Once in my twenties, at my most lost, I was at my sister's house. I looked up and there was the print of the Virgin Mary and baby Jesus. Worn over time, but clearly the same one given to me. And there I was - one bloodied raw wound, exposed.


“Where did you get this?” My heart a rock in my throat.


Not knowing its history, my sister said “The aunts gave it to me on our last trip to Colombia. Isn’t it beautiful?”


“This is mine. It was given to me by the nuns when I left Colombia!” I said it sharply, unlike the way I normally speak - in defense of something stolen from me. Something lost. I wanted to tear it off her wall, run home and lay in bed with it, crying. How far removed I was from the child who’d received that print. I had been drawn to heat many times and it had burned me. I was melancholic and felt alienated from most of my family. And I had lost all connection with God. With magic.


My sister, one of the kindest souls alive - and one of my greatest protectors - saw my reaction and understood instantly. She went to the wall, grabbed the print and handed it to me.

“Take it. It’s yours,” she said, smiling.


The Universe is always speaking to us - my grandmother would say it’s God. And that moment was no exception.

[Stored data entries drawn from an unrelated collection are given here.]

lemma independent_if_lin_indep_over:
  assumes "is_subfield W"
  shows "distinct us \<Longrightarrow> lin_indep_over W (set us) \<Longrightarrow> type_ring.independent W us"
proof (induct us)
  case Nil
  then show ?case
    by simp
next
  case (Cons u us)
  have "u \<notin> span_over W (set us)"
    using lin_indep_over_span_over_mem[OF assms Cons.prems(2), of u "set us"] Cons.prems(1) by auto
  then have "u \<notin> type_ring.Span W us"
    using Span_eq_span_over[OF assms] Cons.prems(1) by simp
  moreover have "type_ring.independent W us"
    using Cons lin_indep_over_subset[of W "set (u # us)" "set us"] by auto
  ultimately show ?case
    by (intro type_ring.li_Cons) auto
qed

lemma lin_indep_over_card_le:
  assumes "is_subfield W" and "finite S" and "lin_indep_over W S"
    and "finite B" and "lin_indep_over W B" and "S \<subseteq> span_over W B"
  shows "card S \<le> card B"
proof -
  obtain us where us: "set us = S" "distinct us"
    using finite_distinct_list[OF assms(2)] by blast
  obtain vs where vs: "set vs = B" "distinct vs"
    using finite_distinct_list[OF assms(4)] by blast
  have "length us \<le> length vs"
    using type_ring.independent_length_le[OF subfield_ring_of_type_algebra[OF assms(1)]
        independent_if_lin_indep_over[OF assms(1) us(2)] independent_if_lin_indep_over[OF assms(1) vs(2)]]
      us vs assms(3,5,6) Span_eq_span_over[OF assms(1) vs(2)] by auto
  then show ?thesis
    using us vs distinct_card by metis
qed

lemma lin_indep_over_finite_card_le:
  assumes "is_subfield W" and "finite B" and "lin_indep_over W B"
    and "lin_indep_over W C" and "C \<subseteq> span_over W B"
  shows "finite C" and "card C \<le> card B"
proof -
  have le: "card S \<le> card B" if "finite S" "S \<subseteq> C" for S
    using lin_indep_over_card_le[OF assms(1) that(1) lin_indep_over_subset[OF assms(4) that(2)]
        assms(2,3)] that(2) assms(5) by blast
  show "finite C"
  proof (rule ccontr)
    assume "infinite C"
    then obtain S where "finite S" "card S = Suc (card B)" "S \<subseteq> C"
      using infinite_arbitrarily_large by blast
    with le show False
      by fastforce
  qed
  then show "card C \<le> card B"
    using le by blast
qed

Having that precious relic from my childhood staring me in the face again - finding its way back to me after twenty years - I was being called back to that little girl. She was in desperate need of my attention - in dire need of love from my adult self. And fortunately, I listened to the call. My long healing journey began not long after that. That was over twenty years ago. A lot of hard personal work has been done to heal the past. I now understand what led my parents to send us off to Medellin. And I try to live once again with a third of the conviction I had as a child: as though everything in life is rigged in my favor.


The print still hangs in my office. It’s a reminder that I’m protected. I am loved. Someone out there - mostly these days, my amazing mom - is praying for me. And that will always give me comfort. I don’t go to Church anymore, even though I know it would please my mom. I’m a very spiritual person though, who believes in the power of prayer. I consider myself a child of God once again - and not God as the old patriarchal figure I used to hear about. This is a much larger all encompassing presence. A force alive in all things, which we can choose to tap into or not. It guides and protects me and always sings the same refrain: love is the greatest force alive, give it and receive it freely, because without it we would not survive.